Task brief: Reproduce every record exactly as given.

Collected data entries

^^^^

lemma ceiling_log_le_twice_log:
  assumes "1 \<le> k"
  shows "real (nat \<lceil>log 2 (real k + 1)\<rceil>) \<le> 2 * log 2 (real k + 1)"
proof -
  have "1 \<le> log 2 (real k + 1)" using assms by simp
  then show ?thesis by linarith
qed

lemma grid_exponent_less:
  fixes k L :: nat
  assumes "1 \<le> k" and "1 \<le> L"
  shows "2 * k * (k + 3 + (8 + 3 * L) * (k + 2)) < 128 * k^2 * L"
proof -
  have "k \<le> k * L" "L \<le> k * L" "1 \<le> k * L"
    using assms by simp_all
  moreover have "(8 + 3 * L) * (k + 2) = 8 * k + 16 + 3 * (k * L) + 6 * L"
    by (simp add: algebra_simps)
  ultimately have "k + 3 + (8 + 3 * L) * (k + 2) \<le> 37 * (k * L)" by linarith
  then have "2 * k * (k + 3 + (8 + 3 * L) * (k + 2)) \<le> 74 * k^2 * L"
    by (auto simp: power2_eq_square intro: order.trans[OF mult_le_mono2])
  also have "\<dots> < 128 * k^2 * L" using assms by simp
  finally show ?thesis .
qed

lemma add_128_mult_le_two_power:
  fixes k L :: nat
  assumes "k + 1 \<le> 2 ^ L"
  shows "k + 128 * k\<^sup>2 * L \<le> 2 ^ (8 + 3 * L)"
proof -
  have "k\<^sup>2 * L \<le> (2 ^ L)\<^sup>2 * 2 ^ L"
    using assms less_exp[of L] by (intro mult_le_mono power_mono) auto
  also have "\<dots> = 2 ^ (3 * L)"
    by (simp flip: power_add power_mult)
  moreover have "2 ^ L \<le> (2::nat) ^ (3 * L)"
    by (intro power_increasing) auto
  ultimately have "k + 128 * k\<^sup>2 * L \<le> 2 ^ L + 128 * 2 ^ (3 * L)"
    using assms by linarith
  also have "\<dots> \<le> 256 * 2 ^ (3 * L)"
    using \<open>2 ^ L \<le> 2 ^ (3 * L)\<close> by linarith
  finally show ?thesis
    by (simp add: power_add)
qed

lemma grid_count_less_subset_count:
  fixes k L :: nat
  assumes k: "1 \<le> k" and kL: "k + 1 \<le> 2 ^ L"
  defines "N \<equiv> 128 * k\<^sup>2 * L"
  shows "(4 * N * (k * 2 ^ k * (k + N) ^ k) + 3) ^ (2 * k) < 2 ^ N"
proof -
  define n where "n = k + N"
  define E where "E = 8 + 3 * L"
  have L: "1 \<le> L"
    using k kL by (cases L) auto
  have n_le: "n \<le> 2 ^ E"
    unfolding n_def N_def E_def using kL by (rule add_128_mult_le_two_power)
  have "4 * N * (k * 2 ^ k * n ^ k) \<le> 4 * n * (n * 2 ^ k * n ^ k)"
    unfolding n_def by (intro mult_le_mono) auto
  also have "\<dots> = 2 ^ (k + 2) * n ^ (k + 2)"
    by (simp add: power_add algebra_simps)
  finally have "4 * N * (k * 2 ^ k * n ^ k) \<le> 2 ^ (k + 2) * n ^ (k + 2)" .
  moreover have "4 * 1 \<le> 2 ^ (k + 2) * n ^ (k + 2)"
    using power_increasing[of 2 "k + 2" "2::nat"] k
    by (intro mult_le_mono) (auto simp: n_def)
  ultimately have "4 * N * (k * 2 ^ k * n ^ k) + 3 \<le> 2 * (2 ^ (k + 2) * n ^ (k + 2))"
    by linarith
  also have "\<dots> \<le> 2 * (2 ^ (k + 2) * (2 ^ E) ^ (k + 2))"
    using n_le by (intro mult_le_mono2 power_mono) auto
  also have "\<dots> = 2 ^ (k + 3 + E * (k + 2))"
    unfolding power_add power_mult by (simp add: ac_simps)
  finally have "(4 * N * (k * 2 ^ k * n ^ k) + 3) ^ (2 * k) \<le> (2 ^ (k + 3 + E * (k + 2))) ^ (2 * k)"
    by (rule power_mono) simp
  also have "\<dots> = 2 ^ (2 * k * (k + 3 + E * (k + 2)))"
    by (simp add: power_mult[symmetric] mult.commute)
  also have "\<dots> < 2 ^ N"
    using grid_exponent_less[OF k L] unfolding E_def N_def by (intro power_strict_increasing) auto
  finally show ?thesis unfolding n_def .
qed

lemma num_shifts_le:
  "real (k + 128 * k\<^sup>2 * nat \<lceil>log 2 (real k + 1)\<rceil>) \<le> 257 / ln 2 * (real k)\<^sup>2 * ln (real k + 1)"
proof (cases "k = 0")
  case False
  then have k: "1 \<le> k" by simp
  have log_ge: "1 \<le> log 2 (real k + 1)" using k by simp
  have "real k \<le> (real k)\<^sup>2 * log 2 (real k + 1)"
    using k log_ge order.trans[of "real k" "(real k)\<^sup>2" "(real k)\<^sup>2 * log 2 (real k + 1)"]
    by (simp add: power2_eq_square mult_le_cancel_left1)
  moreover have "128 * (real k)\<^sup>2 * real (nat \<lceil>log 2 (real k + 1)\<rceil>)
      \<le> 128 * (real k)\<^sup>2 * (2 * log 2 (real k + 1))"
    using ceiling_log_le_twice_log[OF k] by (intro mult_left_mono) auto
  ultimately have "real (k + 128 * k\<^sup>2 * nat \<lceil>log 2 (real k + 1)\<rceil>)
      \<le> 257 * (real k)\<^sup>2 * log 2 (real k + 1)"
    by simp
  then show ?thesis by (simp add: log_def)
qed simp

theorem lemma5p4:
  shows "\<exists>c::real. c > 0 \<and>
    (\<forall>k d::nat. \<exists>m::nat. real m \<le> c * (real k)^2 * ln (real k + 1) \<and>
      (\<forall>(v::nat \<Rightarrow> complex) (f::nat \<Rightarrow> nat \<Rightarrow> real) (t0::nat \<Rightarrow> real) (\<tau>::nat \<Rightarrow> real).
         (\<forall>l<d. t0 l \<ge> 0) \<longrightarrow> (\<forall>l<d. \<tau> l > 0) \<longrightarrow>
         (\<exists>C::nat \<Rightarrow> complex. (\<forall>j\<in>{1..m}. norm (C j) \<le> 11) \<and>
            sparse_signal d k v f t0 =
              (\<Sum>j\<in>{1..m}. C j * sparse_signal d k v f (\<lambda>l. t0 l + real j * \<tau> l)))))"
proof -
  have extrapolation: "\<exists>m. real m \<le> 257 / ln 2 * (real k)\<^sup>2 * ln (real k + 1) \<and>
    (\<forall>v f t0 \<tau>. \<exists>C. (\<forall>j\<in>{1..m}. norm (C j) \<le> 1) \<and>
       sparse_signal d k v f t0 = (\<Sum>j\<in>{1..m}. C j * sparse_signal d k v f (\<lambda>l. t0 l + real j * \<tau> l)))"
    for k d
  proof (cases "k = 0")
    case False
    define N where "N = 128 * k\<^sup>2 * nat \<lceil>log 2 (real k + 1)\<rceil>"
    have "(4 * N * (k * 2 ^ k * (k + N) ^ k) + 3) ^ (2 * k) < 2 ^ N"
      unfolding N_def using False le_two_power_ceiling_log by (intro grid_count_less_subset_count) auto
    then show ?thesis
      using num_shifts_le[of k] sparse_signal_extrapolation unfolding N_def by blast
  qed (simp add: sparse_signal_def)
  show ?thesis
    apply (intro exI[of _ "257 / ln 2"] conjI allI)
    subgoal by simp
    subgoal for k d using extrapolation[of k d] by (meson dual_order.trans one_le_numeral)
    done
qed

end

^^^^

Expected output:
lemma ceiling_log_le_twice_log:
  assumes "1 \<le> k"
  shows "real (nat \<lceil>log 2 (real k + 1)\<rceil>) \<le> 2 * log 2 (real k + 1)"
proof -
  have "1 \<le> log 2 (real k + 1)" using assms by simp
  then show ?thesis by linarith
qed

lemma grid_exponent_less:
  fixes k L :: nat
  assumes "1 \<le> k" and "1 \<le> L"
  shows "2 * k * (k + 3 + (8 + 3 * L) * (k + 2)) < 128 * k^2 * L"
proof -
  have "k \<le> k * L" "L \<le> k * L" "1 \<le> k * L"
    using assms by simp_all
  moreover have "(8 + 3 * L) * (k + 2) = 8 * k + 16 + 3 * (k * L) + 6 * L"
    by (simp add: algebra_simps)
  ultimately have "k + 3 + (8 + 3 * L) * (k + 2) \<le> 37 * (k * L)" by linarith
  then have "2 * k * (k + 3 + (8 + 3 * L) * (k + 2)) \<le> 74 * k^2 * L"
    by (auto simp: power2_eq_square intro: order.trans[OF mult_le_mono2])
  also have "\<dots> < 128 * k^2 * L" using assms by simp
  finally show ?thesis .
qed

lemma add_128_mult_le_two_power:
  fixes k L :: nat
  assumes "k + 1 \<le> 2 ^ L"
  shows "k + 128 * k\<^sup>2 * L \<le> 2 ^ (8 + 3 * L)"
proof -
  have "k\<^sup>2 * L \<le> (2 ^ L)\<^sup>2 * 2 ^ L"
    using assms less_exp[of L] by (intro mult_le_mono power_mono) auto
  also have "\<dots> = 2 ^ (3 * L)"
    by (simp flip: power_add power_mult)
  moreover have "2 ^ L \<le> (2::nat) ^ (3 * L)"
    by (intro power_increasing) auto
  ultimately have "k + 128 * k\<^sup>2 * L \<le> 2 ^ L + 128 * 2 ^ (3 * L)"
    using assms by linarith
  also have "\<dots> \<le> 256 * 2 ^ (3 * L)"
    using \<open>2 ^ L \<le> 2 ^ (3 * L)\<close> by linarith
  finally show ?thesis
    by (simp add: power_add)
qed

lemma grid_count_less_subset_count:
  fixes k L :: nat
  assumes k: "1 \<le> k" and kL: "k + 1 \<le> 2 ^ L"
  defines "N \<equiv> 128 * k\<^sup>2 * L"
  shows "(4 * N * (k * 2 ^ k * (k + N) ^ k) + 3) ^ (2 * k) < 2 ^ N"
proof -
  define n where "n = k + N"
  define E where "E = 8 + 3 * L"
  have L: "1 \<le> L"
    using k kL by (cases L) auto
  have n_le: "n \<le> 2 ^ E"
    unfolding n_def N_def E_def using kL by (rule add_128_mult_le_two_power)
  have "4 * N * (k * 2 ^ k * n ^ k) \<le> 4 * n * (n * 2 ^ k * n ^ k)"
    unfolding n_def by (intro mult_le_mono) auto
  also have "\<dots> = 2 ^ (k + 2) * n ^ (k + 2)"
    by (simp add: power_add algebra_simps)
  finally have "4 * N * (k * 2 ^ k * n ^ k) \<le> 2 ^ (k + 2) * n ^ (k + 2)" .
  moreover have "4 * 1 \<le> 2 ^ (k + 2) * n ^ (k + 2)"
    using power_increasing[of 2 "k + 2" "2::nat"] k
    by (intro mult_le_mono) (auto simp: n_def)
  ultimately have "4 * N * (k * 2 ^ k * n ^ k) + 3 \<le> 2 * (2 ^ (k + 2) * n ^ (k + 2))"
    by linarith
  also have "\<dots> \<le> 2 * (2 ^ (k + 2) * (2 ^ E) ^ (k + 2))"
    using n_le by (intro mult_le_mono2 power_mono) auto
  also have "\<dots> = 2 ^ (k + 3 + E * (k + 2))"
    unfolding power_add power_mult by (simp add: ac_simps)
  finally have "(4 * N * (k * 2 ^ k * n ^ k) + 3) ^ (2 * k) \<le> (2 ^ (k + 3 + E * (k + 2))) ^ (2 * k)"
    by (rule power_mono) simp
  also have "\<dots> = 2 ^ (2 * k * (k + 3 + E * (k + 2)))"
    by (simp add: power_mult[symmetric] mult.commute)
  also have "\<dots> < 2 ^ N"
    using grid_exponent_less[OF k L] unfolding E_def N_def by (intro power_strict_increasing) auto
  finally show ?thesis unfolding n_def .
qed

lemma num_shifts_le:
  "real (k + 128 * k\<^sup>2 * nat \<lceil>log 2 (real k + 1)\<rceil>) \<le> 257 / ln 2 * (real k)\<^sup>2 * ln (real k + 1)"
proof (cases "k = 0")
  case False
  then have k: "1 \<le> k" by simp
  have log_ge: "1 \<le> log 2 (real k + 1)" using k by simp
  have "real k \<le> (real k)\<^sup>2 * log 2 (real k + 1)"
    using k log_ge order.trans[of "real k" "(real k)\<^sup>2" "(real k)\<^sup>2 * log 2 (real k + 1)"]
    by (simp add: power2_eq_square mult_le_cancel_left1)
  moreover have "128 * (real k)\<^sup>2 * real (nat \<lceil>log 2 (real k + 1)\<rceil>)
      \<le> 128 * (real k)\<^sup>2 * (2 * log 2 (real k + 1))"
    using ceiling_log_le_twice_log[OF k] by (intro mult_left_mono) auto
  ultimately have "real (k + 128 * k\<^sup>2 * nat \<lceil>log 2 (real k + 1)\<rceil>)
      \<le> 257 * (real k)\<^sup>2 * log 2 (real k + 1)"
    by simp
  then show ?thesis by (simp add: log_def)
qed simp

theorem lemma5p4:
  shows "\<exists>c::real. c > 0 \<and>
    (\<forall>k d::nat. \<exists>m::nat. real m \<le> c * (real k)^2 * ln (real k + 1) \<and>
      (\<forall>(v::nat \<Rightarrow> complex) (f::nat \<Rightarrow> nat \<Rightarrow> real) (t0::nat \<Rightarrow> real) (\<tau>::nat \<Rightarrow> real).
         (\<forall>l<d. t0 l \<ge> 0) \<longrightarrow> (\<forall>l<d. \<tau> l > 0) \<longrightarrow>
         (\<exists>C::nat \<Rightarrow> complex. (\<forall>j\<in>{1..m}. norm (C j) \<le> 11) \<and>
            sparse_signal d k v f t0 =
              (\<Sum>j\<in>{1..m}. C j * sparse_signal d k v f (\<lambda>l. t0 l + real j * \<tau> l)))))"
proof -
  have extrapolation: "\<exists>m. real m \<le> 257 / ln 2 * (real k)\<^sup>2 * ln (real k + 1) \<and>
    (\<forall>v f t0 \<tau>. \<exists>C. (\<forall>j\<in>{1..m}. norm (C j) \<le> 1) \<and>
       sparse_signal d k v f t0 = (\<Sum>j\<in>{1..m}. C j * sparse_signal d k v f (\<lambda>l. t0 l + real j * \<tau> l)))"
    for k d
  proof (cases "k = 0")
    case False
    define N where "N = 128 * k\<^sup>2 * nat \<lceil>log 2 (real k + 1)\<rceil>"
    have "(4 * N * (k * 2 ^ k * (k + N) ^ k) + 3) ^ (2 * k) < 2 ^ N"
      unfolding N_def using False le_two_power_ceiling_log by (intro grid_count_less_subset_count) auto
    then show ?thesis
      using num_shifts_le[of k] sparse_signal_extrapolation unfolding N_def by blast
  qed (simp add: sparse_signal_def)
  show ?thesis
    apply (intro exI[of _ "257 / ln 2"] conjI allI)
    subgoal by simp
    subgoal for k d using extrapolation[of k d] by (meson dual_order.trans one_le_numeral)
    done
qed

end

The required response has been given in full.